どんな会社でありたいか──KLabビジョンが示す3つの約束

 KLabは当面は、ソーシャルアプリに注力して、その分野で世界を席巻することを目論んでいる。しかし、それは3年先までの事業計画。技術革新とマーケットの革新が絶え間ないネット世界に足場をもつ企業にとって、3年より先の予測など、あってなきがごとしなのだから。そのことを前提にしつつも、ただ、「どういう会社でありたいか」というビジョンだけは明確だ。社内イントラネットに常に掲示している3箇条のビジョンを紹介してもらった。

 1番目は、「IT業界で、一番ワクワクでき、一番成長し、一番利益を出す会社」──ワクワクできるためには、利益がでていないといけないけれど、必ずしも売上規模や従業員数が大きければいいとは思っていません。

 2番目が、「社会にインパクトを与える新しいビジネス、サービス、技術を創造し続ける会社」。
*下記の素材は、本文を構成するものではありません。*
lemma termip_beta_pi_typable:
  assumes "termip (\<lambda>a b. step_beta a b \<or> step_pi a b) t"
  shows "typable t"
  using assms
proof (rule termip_subterm_induct)
  fix s t s' assume "proper_subterm s t" "step_beta s s' \<or> step_pi s s'"
  then show "\<exists>t'. (step_beta t t' \<or> step_pi t t') \<and> proper_subterm s' t'"
    using proper_subterm_ctx_clos[of s t beta_rule s'] proper_subterm_ctx_clos[of s t pi_rule s']
    by (auto simp: step_beta_def step_pi_def)
next
  fix t assume reducts: "\<And>t'. step_beta t t' \<or> step_pi t t' \<Longrightarrow> typable t'"
    and subterms: "\<And>s. proper_subterm s t \<Longrightarrow> typable s"
  show "typable t"
  proof (cases t)
    case (JVar i)
    then show ?thesis by (simp add: typable_var)
  next
    case (JLam b)
    then show ?thesis using subterms typable_lam by (blast intro: proper_subterm.intros)
  next
    case (JApp a u r)
    show ?thesis
    proof (cases a)
      case (JVar i)
      then show ?thesis using typable_app_neutral subterms JApp by (simp add: neutral.intros)
    next
      case (JLam v)
      have "step_beta t (subst 0 (subst 0 u v) r)"
        unfolding step_beta_def JApp JLam by (auto intro: ctx_clos.root beta_rule.intros)
      then obtain G \<sigma> n where "typed G (subst 0 (subst 0 u v) r) \<sigma> n"
        using reducts typable_def by blast
      then have "typed G (subst 0 (plug [] (subst 0 ((lift 0 ^^ length []) u) v)) r) \<sigma> n"
        by simp
      moreover have "typable (plug [] (JLam v))" "typable u"
        using subterms JApp JLam by (auto intro: proper_subterm.intros)
      ultimately obtain G' n' where "typed G' (JApp (plug [] (JLam v)) u r) \<sigma> n'"
        using dbeta_redex_typed_expand by blast
      then show ?thesis using JApp JLam typable_def by auto
    next
      case (JApp a1 b1 c1)
      have "step_pi t (JApp a1 b1 (JApp c1 (lift 0 u) (lift 1 r)))"
        unfolding step_pi_def \<open>t = JApp a u r\<close> JApp by (rule ctx_clos.root) (rule pi_rule.intros)
      then obtain G \<sigma> n where "typed G (JApp a1 b1 (JApp c1 (lift 0 u) (lift 1 r))) \<sigma> n"
        using reducts typable_def by blast
      then show ?thesis
        using pi_redex_typed_expand \<open>t = JApp a u r\<close> JApp typable_def by blast
    qed
  qed
qed
lemma bprod_Suc_self: "bprod n (Suc l) l = 1\<^sub>m n"
  unfolding bprod_def by simp

text \<open>The coordinate permutation of b_i b_{i+1} ... b_l, with i counted from 1 as in the paper
  and coordinates counted from 0: coordinate l moves to position i - 1 and the coordinates
  i - 1, ..., l - 1 move up by one.\<close>
definition insert_at :: "nat \<Rightarrow> nat \<Rightarrow> (nat \<Rightarrow> 'a) \<Rightarrow> nat \<Rightarrow> 'a" where
  "insert_at i l f p =
     (if p < i - 1 then f p else if p = i - 1 then f l else if p \<le> l then f (p - 1) else f p)"

lemma insert_at_range: "j < Suc l \<Longrightarrow> \<exists>j'<Suc l. insert_at q l f j = f j'"
  unfolding insert_at_def by (auto intro: exI[of _ j] exI[of _ l] exI[of _ "j - 1"])

lemma bprod_mult_vec:
  assumes v: "v \<in> carrier_vec n" and "1 \<le> i" "i \<le> Suc l" and l: "l < n"
  shows "bprod n i l *\<^sub>v v = vec n (insert_at i l (\<lambda>q. v $ q))"
  using assms(2,3)
proof (induction "Suc l - i" arbitrary: i)
  case 0
  then have "i = Suc l" by simp
  then show ?case using v by (auto simp: bprod_Suc_self insert_at_def intro!: eq_vecI)
next
  case (Suc d)
  then have il: "i \<le> l" "Suc l - Suc i = d" by auto
  have "bprod n i l = bmat n i * bprod n (Suc i) l"
    unfolding bprod_def using il by (subst upt_conv_Cons) auto
  moreover have "bprod n (Suc i) l \<in> carrier_mat n n"
    using bprod_in_Grn[of "Suc i" l n] l Grn_carrier_mat by auto
  moreover have "bmat n i \<in> carrier_mat n n" by (simp add: bmat_def)
  ultimately have "bprod n i l *\<^sub>v v = bmat n i *\<^sub>v (bprod n (Suc i) l *\<^sub>v v)"
    using v by (simp add: assoc_mult_mat_vec)
  also have "\<dots> = bmat n i *\<^sub>v vec n (insert_at (Suc i) l (\<lambda>q. v $ q))"
    using Suc il by simp
  also have "\<dots> = vec n (\<lambda>p. vec n (insert_at (Suc i) l (\<lambda>q. v $ q)) $ Transposition.transpose (i - 1) i p)"
    using Suc.prems il l by (simp add: bmat_mult_vec)
  also have "\<dots> = vec n (insert_at i l (\<lambda>q. v $ q))"
    using Suc.prems il l by (intro eq_vecI) (auto simp: insert_at_def transpose_def)
  finally show ?case .
qed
例えばね、この4月に、「Amazon」の「Kindle」用の勝手アプリを世界で初めてリリースしたんです。それを知った人に、「Twitter」でKLabって、どうでもいいことにガンバル会社だな」と書かれたんだけれど、それは誉め言葉だと思っています。新しいこと、初めてのことに、価値を見いだしていくのが当社の哲学ですから。社会にインパクトを与え、我々が生み出した技術をみんなが使ってくれるようになってこそ、社会貢献ができると思っています。本業と離れた社会貢献よりもそのほうが重要です。

 3番目は「利益を新規事業と研究開発に再投資することにより、新陳代謝し続け、成長し続ける会社」──新規事業への再投資を止めたら会社はそこでストップ。研究開発投資を削ったら、技術開発型企業ではもはやなくなります。儲かったお金でさらに自分たちの力を高めていく。自分たちで生み出す過程こそが一番オイシイし、楽しいし、技術者も一番成長する。たしかに失敗もあるかもしれないけれど、安易にすでに出来上がった会社を買うのではなく、できるだけ自分たちの事業や研究開発を再投資していきたいですね。
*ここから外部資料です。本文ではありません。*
lemma tree_paths_cover_base_arcs:
  "(\<Union>e \<in> tree_arcs. path_arcs (fst e) (tree_path e) (snd e)) = base_arcs"
proof
  show "(\<Union>e \<in> tree_arcs. path_arcs (fst e) (tree_path e) (snd e)) \<subseteq> base_arcs"
    using tree_arcsD(2) unfolding attached_path_def by fastforce
  show "base_arcs \<subseteq> (\<Union>e \<in> tree_arcs. path_arcs (fst e) (tree_path e) (snd e))"
  proof
    fix e assume "e \<in> base_arcs"
    then obtain u v where e: "e = (u, v)" "(u, v) \<in> base_arcs" by (cases e) auto
    then obtain c ps where P: "attached_path c ps v" "(u, v) \<in> path_arcs c ps v"
      using attached_path_through_arc by blast
    show "e \<in> (\<Union>e \<in> tree_arcs. path_arcs (fst e) (tree_path e) (snd e))"
    proof (cases "v \<in> attachments")
      case False
      with P e(1) tree_arcsI[OF P(1)] show ?thesis by force
    next
      case True
      then obtain qs b where "(c, b) \<in> tree_arcs" "tree_path (c, b) = ps @ v # qs"
        using tree_arc_through_attachment[OF P(1)] by blast
      with P(2) e(1) show ?thesis by (force simp: path_arcs_append)
    qed
  qed
qed

lemma tree_paths_disjoint:
  assumes "e \<in> tree_arcs" "e' \<in> tree_arcs" "e \<noteq> e'"
  shows "set (tree_path e) \<inter> set (tree_path e') = {}"
proof (rule ccontr)
  obtain c b c' b' where e: "e = (c, b)" "e' = (c', b')" by fastforce
  assume "set (tree_path e) \<inter> set (tree_path e') \<noteq> {}"
  then obtain a xs ys xs' ys' where a: "tree_path e = xs @ a # ys" "tree_path e' = xs' @ a # ys'"
    by (metis disjoint_iff split_list)
  have P: "attached_path c (xs @ a # ys) b" "attached_path c' (xs' @ a # ys') b'"
    using tree_arcsD(2) assms(1,2) a e by fastforce+
  then have "a \<in> attachments" "b \<notin> attachments" "b' \<notin> attachments"
    using tree_arcsD(1) assms e unfolding attached_path_def by auto
  with P path_from_attachment_unique[of a ys b ys' b'] have "b = b'"
    unfolding attached_path_def by (simp add: path_arcs_append)
  moreover from P have "attached_path c xs a" "attached_path c' xs' a"
    unfolding attached_path_def by (auto simp: path_arcs_append)
  then have "c = c'" by (auto dest: attached_path_unique)
  ultimately show False using assms(3) e by simp
qed

definition base_tree :: "'v graph" where
  "base_tree = (fst N - attachments, tree_arcs)"

lemma finite_graph_base_tree: "finite_graph base_tree"
proof -
  have "tree_arcs \<subseteq> (fst N - attachments) \<times> (fst N - attachments)"
    using tree_arc_vertices by auto
  with network_finite_graph[OF network] show ?thesis
    unfolding base_tree_def finite_graph_def by simp
qed

lemma acyclic_base_tree: "acyclic (snd base_tree)"
proof (rule acyclic_subset_trancl[OF acyclic_base_arcs], rule subsetI)
  fix e assume "e \<in> snd base_tree"
  moreover obtain c b where "e = (c, b)" by fastforce
  ultimately have e: "e = (c, b)" "(c, b) \<in> tree_arcs" unfolding base_tree_def by auto
  then have "path_arcs c (tree_path (c, b)) b \<subseteq> base_arcs"
    using tree_arcsD(2) unfolding attached_path_def by blast
  from path_arcs_trancl[OF this] show "e \<in> base_arcs\<^sup>+" using e(1) by simp
qed

lemma indeg_base_tree:
  assumes b: "b \<in> fst base_tree" shows "indeg base_tree b = indeg N b"
proof -
  have b': "b \<in> fst N" "b \<notin> attachments" using b unfolding base_tree_def by auto
  have par: "parents base_tree b = {c. \<exists>ps. attached_path c ps b}"
    using b'(2) unfolding parents_def base_tree_def tree_arcs_def by auto
  show ?thesis
  proof (cases "indeg N b = 0")
    case True
    have "\<not> attached_path c ps b" for c ps
    proof
      assume "attached_path c ps b"
      then have "(last (c # ps), b) \<in> base_arcs"
        using path_arcs_last[of c ps b] unfolding attached_path_def by blast
      then have "last (c # ps) \<in> parents N b" using base_arcs_subset unfolding parents_def by blast
      with True finite_parents[OF network_finite_graph[OF network]] show False
        unfolding indeg_eq_card_parents by auto
    qed
    with True show ?thesis unfolding indeg_eq_card_parents par by simp
  next
    case False
    moreover have "\<not> 2 \<le> indeg N b" using reticulation_attached[OF b'(1)] b'(2) by blast
    ultimately have "indeg N b = 1" using binary_network_degrees[OF network binary b'(1)] by auto
    moreover obtain c ps where "attached_path c ps b" using attached_path_to b'(1) False by blast
    then have "parents base_tree b = {c}" unfolding par by (auto dest: attached_path_unique)
    ultimately show ?thesis unfolding indeg_eq_card_parents by simp
  qed
qed

text \<open>A tree arc leaving c is determined by the first arc of its subdivision path.\<close>

definition first_step :: "'v \<Rightarrow> 'v \<Rightarrow> 'v" where
  "first_step c b = hd (tree_path (c, b) @ [b])"

lemma first_step_cases:
  assumes "(c, b) \<in> tree_arcs"
  obtains "tree_path (c, b) = []" "first_step c b = b" "first_step c b \<notin> attachments"
  | qs where "tree_path (c, b) = first_step c b # qs" "first_step c b \<in> attachments"
      "set qs \<subseteq> attachments" "path_arcs (first_step c b) qs b \<subseteq> base_arcs"
  using tree_arcsD[OF assms] unfolding first_step_def attached_path_def
  by (cases "tree_path (c, b)") auto

lemma children_base_tree: "b \<in> children base_tree c \<longleftrightarrow> (c, b) \<in> tree_arcs"
  unfolding base_tree_def children_def by simp

lemma inj_on_first_step: "inj_on (first_step c) (children base_tree c)"
proof (rule inj_onI)
  fix b1 b2
  assume "b1 \<in> children base_tree c" "b2 \<in> children base_tree c"
    and eq: "first_step c b1 = first_step c b2"
  then have b: "(c, b1) \<in> tree_arcs" "(c, b2) \<in> tree_arcs" unfolding children_base_tree by simp_all
  show "b1 = b2"
  proof (cases rule: first_step_cases[OF b(1)])
    case 1
    with eq show ?thesis by (cases rule: first_step_cases[OF b(2)]) simp_all
  next
    case (2 qs1)
    then show ?thesis
    proof (cases rule: first_step_cases[OF b(2)])
      case (2 qs2)
      with eq have "path_arcs (first_step c b1) qs2 b2 \<subseteq> base_arcs" by simp
      from path_from_attachment_unique[OF \<open>first_step c b1 \<in> attachments\<close>
          \<open>path_arcs (first_step c b1) qs1 b1 \<subseteq> base_arcs\<close> this
          \<open>set qs1 \<subseteq> attachments\<close> \<open>set qs2 \<subseteq> attachments\<close> tree_arcsD(1)[OF b(1)] tree_arcsD(1)[OF b(2)]]
      show ?thesis by simp
    qed (use eq \<open>first_step c b1 \<in> attachments\<close> in simp)
  qed
qed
 新陳代謝を続けるということも大切なテーマ。新しい事業を生み出すだけでなく、古い事業を止めるということも常に考えています。先月、自社SNS事業から撤退しました。トータルでは黒字だったけれど、この先の収益性、成長性を考えての決定です。利益が出ている事業を利益が出ているうちに撤退するというのは、当社ならではですね。その事業に30人ぐらい関わっていたけれど、部署ごと解散。先がない事業にエンジニアを縛りつけるより、彼らを新しい事業に振り向けたほうが、モチベーションもずっと高まるんです。

 真田社長の経営哲学をまとめた3箇条のビジョンは、創業以来、少しもぶれることはなかった。そのコアの部分だけは、他の役員に聞いても同じことを言う。ワクワクしながら、世の中にインパクトを与え、絶えず成長する会社を目指し、舵を切るのが経営陣。そして船を前に進める推進力はといえば、もちろん、エンジニアが握っているに決まっている。